The pill was inspired by a tortoise shell—another of God’s amazing creations that researchers look to for ideas.

Patients usually prefer oral treatment—swallowing something and digesting it—to getting shots. Obviously, avoiding painful pinches and pricks is desirable. But some medicines, including insulin, can’t survive the harsh trip through the human digestive system. Injecting into the blood stream has been the best option in those cases.

The new invention comes from a Massachusetts Institute of Technology-led research team. So far, it’s been tested only in animals.

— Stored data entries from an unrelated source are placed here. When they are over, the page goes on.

(* Let $y\in\mathbb{R}^n$, $X\in\mathbb{R}^{n\times p}$, $\lambda>0$, and consider the strong hierarchical lasso with quadratic loss written in the form $$\min_{\phi\in\mathbb{R}^{2p+2p^2}}\ \frac12\|y-\tilde X\phi\|^2+w^T\phi\quad\text{s.t.}\quad D\phi\ge0,\ L\phi=0,$$ with $\phi,\tilde X,w,D,L$ as in the context. Suppose $\hat\phi$ is a solution and let $\mathcal A(\hat\phi)=\{i:[D\hat\phi]_i>0\}$. Let $D_{-\mathcal A(\hat\phi)}$ be the submatrix of rows $D_i$ with $i\notin\mathcal A(\hat\phi)$ and $P=P_{\mathrm{null}(L)\cap\mathrm{null}(D_{-\mathcal A(\hat\phi)})}$. Then $$\hat\phi=(\tilde XP)^+\big(y-(P\tilde X^T)^+w\big)+b$$ for some $b\in\mathrm{null}(\tilde X)\cap\mathrm{null}(L)\cap\mathrm{null}(D_{-\mathcal A(\hat\phi)})$ satisfying $D_i\big[(\tilde XP)^+\big(y-(P\tilde X^T)^+w\big)+b\big]>0$ for all $i\in\mathcal A(\hat\phi)$.
   Context: $A^+$ denotes the Moore–Penrose pseudoinverse and $P_S$ the orthogonal projection onto a subspace $S$; $\mathrm{null}(\cdot)$ is the null space. Let $x_j$ be the $j$th column of $X$ and $Z\in\mathbb{R}^{n\times p^2}$ the matrix whose column indexed by $(j,k)$ is $x_j*x_k$ (elementwise product), ordered consistently with the vectorization of $p\times p$ matrices. The variable is $\phi=(\beta^+,\beta^-,\mathrm{vec}(\Theta^+),\mathrm{vec}(\Theta^-))$ with $\beta^\pm\in\mathbb{R}^p$, $\Theta^\pm\in\mathbb{R}^{p\times p}$; $\tilde X=(X,\,-X,\,Z/2,\,-Z/2)$ and $w=(\lambda\mathbf 1_p,\lambda\mathbf 1_p,\frac{\lambda}{2}\mathbf 1_{p^2},\frac{\lambda}{2}\mathbf 1_{p^2})$. The rows of $D$ encode the inequality constraints: for each $j$, $\beta^+_j\ge0$, $\beta^-_j\ge0$, and $\beta^+_j+\beta^-_j-\mathbf 1^T(\Theta^+_j+\Theta^-_j)\ge0$ (where $\Theta^\pm_j$ is the $j$th row); and for each $j\ne k$, $\Theta^+_{jk}\ge0$, $\Theta^-_{jk}\ge0$. The rows of $L$ encode the equality constraints $\Theta^+_{jj}=\Theta^-_{jj}=0$ for all $j$ and $\Theta^+-\Theta^-=(\Theta^+-\Theta^-)^T$. (This is the strong hierarchical lasso $\min q(\beta_0,\beta^+-\beta^-,\Theta)+\lambda\mathbf 1^T(\beta^++\beta^-)+\frac\lambda2\sum_{j\ne k}|\Theta_{jk}|$ s.t. $\Theta=\Theta^T$, $\sum_k|\Theta_{jk}|\le\beta^+_j+\beta^-_j$, $\beta^\pm\ge0$, with quadratic loss, no intercept, rewritten with $\Theta=\Theta^+-\Theta^-$.) *)

theory Defs
  imports "Jordan_Normal_Form.Matrix_Kernel"
begin

definition pinv :: "real mat \<Rightarrow> real mat" where
  "pinv A = (THE B. B \<in> carrier_mat (dim_col A) (dim_row A) \<and>
      A * B * A = A \<and> B * A * B = B \<and>
      transpose_mat (A * B) = A * B \<and> transpose_mat (B * A) = B * A)"

definition proj_mat :: "nat \<Rightarrow> real vec set \<Rightarrow> real mat" where
  "proj_mat m S = (THE P. P \<in> carrier_mat m m \<and>
      (\<forall>v \<in> carrier_vec m. P *\<^sub>v v \<in> S \<and> (\<forall>s \<in> S. (v - P *\<^sub>v v) \<bullet> s = 0)))"

text \<open>Coordinates of phi = (beta+, beta-, vec Theta+, vec Theta-) in R^(2p+2p^2);
  vec is column-major: entry (j,k) of a p x p matrix has index j + p*k.\<close>
definition shl_dim :: "nat \<Rightarrow> nat" where "shl_dim p = 2*p + 2*p^2"
definition ix_bp :: "nat \<Rightarrow> nat \<Rightarrow> nat" where "ix_bp p j = j"
definition ix_bm :: "nat \<Rightarrow> nat \<Rightarrow> nat" where "ix_bm p j = p + j"
definition ix_tp :: "nat \<Rightarrow> nat \<Rightarrow> nat \<Rightarrow> nat" where "ix_tp p j k = 2*p + (j + p*k)"
definition ix_tm :: "nat \<Rightarrow> nat \<Rightarrow> nat \<Rightarrow> nat" where "ix_tm p j k = 2*p + p^2 + (j + p*k)"

definition Zmat :: "real mat \<Rightarrow> real mat" where
  "Zmat X = mat (dim_row X) ((dim_col X)^2)
     (\<lambda>(i,c). X $$ (i, c mod dim_col X) * X $$ (i, c div dim_col X))"

definition Xtil :: "real mat \<Rightarrow> real mat" where
  "Xtil X = (let p = dim_col X; Z = Zmat X in
     mat (dim_row X) (shl_dim p) (\<lambda>(i,c).
       if c < p then X $$ (i, c)
       else if c < 2*p then - X $$ (i, c - p)
       else if c < 2*p + p^2 then Z $$ (i, c - 2*p) / 2
       else - Z $$ (i, c - 2*p - p^2) / 2))"

definition wvec :: "nat \<Rightarrow> real \<Rightarrow> real vec" where
  "wvec p lam = vec (shl_dim p) (\<lambda>c. if c < 2*p then lam else lam / 2)"

text \<open>Row encoding beta+_j + beta-_j - 1^T (Theta+_j + Theta-_j) >= 0 (Theta_j = j-th row).\<close>
definition hier_row :: "nat \<Rightarrow> nat \<Rightarrow> real vec" where
  "hier_row p j = vec (shl_dim p) (\<lambda>c.
     (if c = ix_bp p j \<or> c = ix_bm p j then 1 else 0)
     - (if \<exists>k < p. c = ix_tp p j k \<or> c = ix_tm p j k then 1 else 0))"

definition Dmat :: "nat \<Rightarrow> real mat" where
  "Dmat p = mat_of_rows (shl_dim p)
     (concat (map (\<lambda>j. [unit_vec (shl_dim p) (ix_bp p j), unit_vec (shl_dim p) (ix_bm p j), hier_row p j]) [0..<p])
      @ concat [[unit_vec (shl_dim p) (ix_tp p j k), unit_vec (shl_dim p) (ix_tm p j k)].
                 j \<leftarrow> [0..<p], k \<leftarrow> [0..<p], j \<noteq> k])"

text \<open>Equality constraints L phi = 0: Theta+_jj = Theta-_jj = 0 and Theta+ - Theta- symmetric.\<close>
definition Lmat :: "nat \<Rightarrow> real mat" where
  "Lmat p = mat_of_rows (shl_dim p)
     (concat (map (\<lambda>j. [unit_vec (shl_dim p) (ix_tp p j j), unit_vec (shl_dim p) (ix_tm p j j)]) [0..<p])
      @ [ unit_vec (shl_dim p) (ix_tp p j k) - unit_vec (shl_dim p) (ix_tm p j k)
          - unit_vec (shl_dim p) (ix_tp p k j) + unit_vec (shl_dim p) (ix_tm p k j).
          j \<leftarrow> [0..<p], k \<leftarrow> [0..<p], j < k])"

definition shl_obj :: "real mat \<Rightarrow> real vec \<Rightarrow> real \<Rightarrow> real vec \<Rightarrow> real" where
  "shl_obj X y lam \<phi> = (1/2) * ((y - Xtil X *\<^sub>v \<phi>) \<bullet> (y - Xtil X *\<^sub>v \<phi>)) + wvec (dim_col X) lam \<bullet> \<phi>"

definition shl_feasible :: "nat \<Rightarrow> real vec \<Rightarrow> bool" where
  "shl_feasible p \<phi> \<longleftrightarrow> \<phi> \<in> carrier_vec (shl_dim p) \<and>
     (\<forall>i < dim_row (Dmat p). (Dmat p *\<^sub>v \<phi>) $ i \<ge> 0) \<and> Lmat p *\<^sub>v \<phi> = 0\<^sub>v (dim_row (Lmat p))"

definition active_set :: "nat \<Rightarrow> real vec \<Rightarrow> nat set" where
  "active_set p \<phi> = {i. i < dim_row (Dmat p) \<and> (Dmat p *\<^sub>v \<phi>) $ i > 0}"

definition rows_out :: "real mat \<Rightarrow> nat set \<Rightarrow> real mat" where
  "rows_out D A = mat_of_rows (dim_col D) [row D i. i \<leftarrow> [0..<dim_row D], i \<notin> A]"

end

theory Submission
  imports Defs
begin

text \<open>Let \<open>S = null(L) \<inter> null(D\<^sub>-\<^sub>A)\<close> and \<open>P\<close> the orthogonal projection onto \<open>S\<close>.
  Every \<open>d \<in> S\<close> is a two-sided feasible direction at \<open>\<phi>\<close>: inactive constraints stay zero and
  active ones stay positive for small steps. Hence the objective is stationary along \<open>S\<close>,
  i.e. \<open>P (X\<^sup>T (y - X \<phi>) - w) = 0\<close>, where \<open>X\<close> stands for \<open>Xtil X\<close>. As \<open>P \<phi> = \<phi>\<close>, this says that \<open>\<phi>\<close>
  solves the normal equations \<open>(X P)\<^sup>T (X P) \<phi> = (X P)\<^sup>T y - P w\<close>, of which
  \<open>u = (X P)\<^sup>+ (y - (P X\<^sup>T)\<^sup>+ w)\<close> is a solution lying in \<open>S\<close>. So \<open>b = \<phi> - u \<in> S\<close> and
  \<open>(X P) b = 0\<close>, i.e. \<open>X b = 0\<close>; the active constraints hold since \<open>u + b = \<phi>\<close>.
  Projections and pseudoinverses are defined by description; they exist by a Gram--Schmidt
  construction of projections onto spans of finitely many vectors.\<close>

section \<open>Orthogonal projections\<close>

lemma self_scalar_prod_eq_0:
  fixes x :: "real vec"
  assumes "x \<in> carrier_vec n" "x \<bullet> x = 0"
  shows "x = 0\<^sub>v n"
  using assms conjugate_square_eq_0_vec[of x n] by simp

lemma vec_eq_if_diff_eq_0:
  fixes x y :: "'a :: ab_group_add vec"
  assumes "x \<in> carrier_vec n" "y \<in> carrier_vec n" "x - y = 0\<^sub>v n"
  shows "x = y"
proof (rule eq_vecI)
  fix i assume "i < dim_vec y"
  then have "x $ i - y $ i = (x - y) $ i" using assms(1,2) by simp
  also have "\<dots> = 0" using assms \<open>i < dim_vec y\<close> by simp
  finally show "x $ i = y $ i" by simp
qed (use assms in simp)

lemma eq_vec_by_scalar_prod:
  fixes x y :: "real vec"
  assumes x: "x \<in> carrier_vec n" and y: "y \<in> carrier_vec n"
    and eq: "\<And>v. v \<in> carrier_vec n \<Longrightarrow> x \<bullet> v = y \<bullet> v"
  shows "x = y"
proof -
  have d: "x - y \<in> carrier_vec n" using x y by simp
  have "(x - y) \<bullet> (x - y) = 0"
    using minus_scalar_prod_distrib[OF x y d] eq[OF d] by simp
  then show ?thesis using vec_eq_if_diff_eq_0[OF x y] self_scalar_prod_eq_0[OF d] by simp
qed

lemma eq_mat_by_mult_vec:
  fixes A B :: "real mat"
  assumes A: "A \<in> carrier_mat nr nc" and B: "B \<in> carrier_mat nr nc"
    and eq: "\<And>v. v \<in> carrier_vec nc \<Longrightarrow> A *\<^sub>v v = B *\<^sub>v v"
  shows "A = B"
proof (rule mat_col_eqI)
  fix j assume "j < dim_col B"
  then have "col A j = A *\<^sub>v unit_vec nc j" "col B j = B *\<^sub>v unit_vec nc j"
    using A B by auto
  then show "col A j = col B j" using eq by simp
qed (use A B in auto)

definition is_orth_proj :: "nat \<Rightarrow> real vec set \<Rightarrow> real mat \<Rightarrow> bool" where
  "is_orth_proj m S Q \<longleftrightarrow> Q \<in> carrier_mat m m \<and>
      (\<forall>v \<in> carrier_vec m. Q *\<^sub>v v \<in> S \<and> (\<forall>s \<in> S. (v - Q *\<^sub>v v) \<bullet> s = 0))"

lemma is_orth_projD:
  assumes "is_orth_proj m S Q"
  shows "Q \<in> carrier_mat m m"
    and "v \<in> carrier_vec m \<Longrightarrow> Q *\<^sub>v v \<in> S"
    and "v \<in> carrier_vec m \<Longrightarrow> s \<in> S \<Longrightarrow> (v - Q *\<^sub>v v) \<bullet> s = 0"
  using assms unfolding is_orth_proj_def by auto

text \<open>Closure under subtraction is all of the subspace structure the projection argument uses.\<close>

locale vec_subgroup =
  fixes m :: nat and S :: "real vec set"
  assumes subset_carrier: "S \<subseteq> carrier_vec m"
    and diff_closed: "s \<in> S \<Longrightarrow> t \<in> S \<Longrightarrow> s - t \<in> S"
begin

lemma orth_proj_fixes:
  assumes Q: "is_orth_proj m S Q" and s: "s \<in> S"
  shows "Q *\<^sub>v s = s"
proof -
  have sc: "s \<in> carrier_vec m" using s subset_carrier by auto
  have Qc: "Q \<in> carrier_mat m m" using is_orth_projD(1)[OF Q] .
  have d: "s - Q *\<^sub>v s \<in> S" using diff_closed[OF s is_orth_projD(2)[OF Q sc]] .
  have "(s - Q *\<^sub>v s) \<bullet> (s - Q *\<^sub>v s) = 0" using is_orth_projD(3)[OF Q sc d] .
  then have "s - Q *\<^sub>v s = 0\<^sub>v m" using self_scalar_prod_eq_0 d subset_carrier by blast
  then show ?thesis using vec_eq_if_diff_eq_0[of s m "Q *\<^sub>v s"] sc Qc by simp
qed

lemma orth_proj_idem:
  assumes Q: "is_orth_proj m S Q"
  shows "Q * Q = Q"
proof (rule eq_mat_by_mult_vec[of _ m m])
  note Qc = is_orth_projD(1)[OF Q]
  fix v :: "real vec" assume v: "v \<in> carrier_vec m"
  have "Q * Q *\<^sub>v v = Q *\<^sub>v (Q *\<^sub>v v)" using Qc v by simp
  also have "\<dots> = Q *\<^sub>v v" using orth_proj_fixes[OF Q is_orth_projD(2)[OF Q v]] .
  finally show "Q * Q *\<^sub>v v = Q *\<^sub>v v" .
qed (use is_orth_projD(1)[OF Q] in auto)

lemma orth_proj_symmetric:
  assumes Q: "is_orth_proj m S Q"
  shows "transpose_mat Q = Q"
proof (rule eq_mat_by_mult_vec[of _ m m])
  note Qc = is_orth_projD(1)[OF Q]
  fix u :: "real vec" assume u: "u \<in> carrier_vec m"
  show "transpose_mat Q *\<^sub>v u = Q *\<^sub>v u"
  proof (rule eq_vec_by_scalar_prod[of _ m])
    fix v :: "real vec" assume v: "v \<in> carrier_vec m"
    have Qu: "Q *\<^sub>v u \<in> carrier_vec m" and Qv: "Q *\<^sub>v v \<in> carrier_vec m" using Qc u v by auto
    text \<open>Both sides equal \<open>(Q u) \<bullet> (Q v)\<close>.\<close>
    have "(transpose_mat Q *\<^sub>v u) \<bullet> v = u \<bullet> (Q *\<^sub>v v)"
      by (rule transpose_vec_mult_scalar[OF Qc v u])
    also have "\<dots> = (Q *\<^sub>v u) \<bullet> (Q *\<^sub>v v)"
      using is_orth_projD(3)[OF Q u is_orth_projD(2)[OF Q v]] minus_scalar_prod_distrib[OF u Qu Qv]
      by simp
    also have "\<dots> = (Q *\<^sub>v u) \<bullet> v"
      using is_orth_projD(3)[OF Q v is_orth_projD(2)[OF Q u]] minus_scalar_prod_distrib[OF v Qv Qu]
        comm_scalar_prod[OF Qu v] comm_scalar_prod[OF Qu Qv] by simp
    finally show "(transpose_mat Q *\<^sub>v u) \<bullet> v = (Q *\<^sub>v u) \<bullet> v" .
  qed (use Qc u in auto)
qed (use is_orth_projD(1)[OF Q] in auto)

But if it pans out, it might make not just insulin but a variety of injected medicines easier to take.

For decades, scientists have wanted to develop oral insulin. They’ve tried encasing it to protect it until it reaches the intestines where the bloodstream can absorb it. But some level of injection still needs to be used at this point for effective delivery. Hence—the new pill shot. The ingestible injection could bypass the hazards of digestion, delivering insulin directly through the stomach wall.

“It’s like a miniaturized rocket launcher” for insulin, says Willem Mulder of Mount Sinai’s Translational and Molecular Imaging Institute. Dr. Giovanni Traverso, a gastroenterologist and senior author of the study, adds, “It travels down the esophagus in seconds, it’s in the stomach within a few minutes, and then you get the drug.”

The first challenge was making sure the device lands exactly where it needs to, so that it can poke its medicine into the precise spot—even if the patient is moving around. So researchers looked to nature. They found a solution in the design of the African leopard tortoise.

The leopard tortoise has a steeply curved shell. If flipped on its back, it can right itself. So pill designers crafted a capsule with a similar shape and weighted bottom. Once it reaches the stomach, it automatically rolls in the right direction to latch on.

The pill is equipped with a micro-injector made entirely of dried insulin. It is compressed into a sharp point and propelled by a spring that is bound to a hardened sugar disk. As stomach acid dissolves the sugar, the spring pops and—BINGO! Insulin is shot into the stomach wall. The capsule, made of stainless steel and a biodegradable material, floats free and is excreted.
In a test with pigs, the ingestible injection lowered blood sugar to levels comparable to standard shots—without the painful external poke.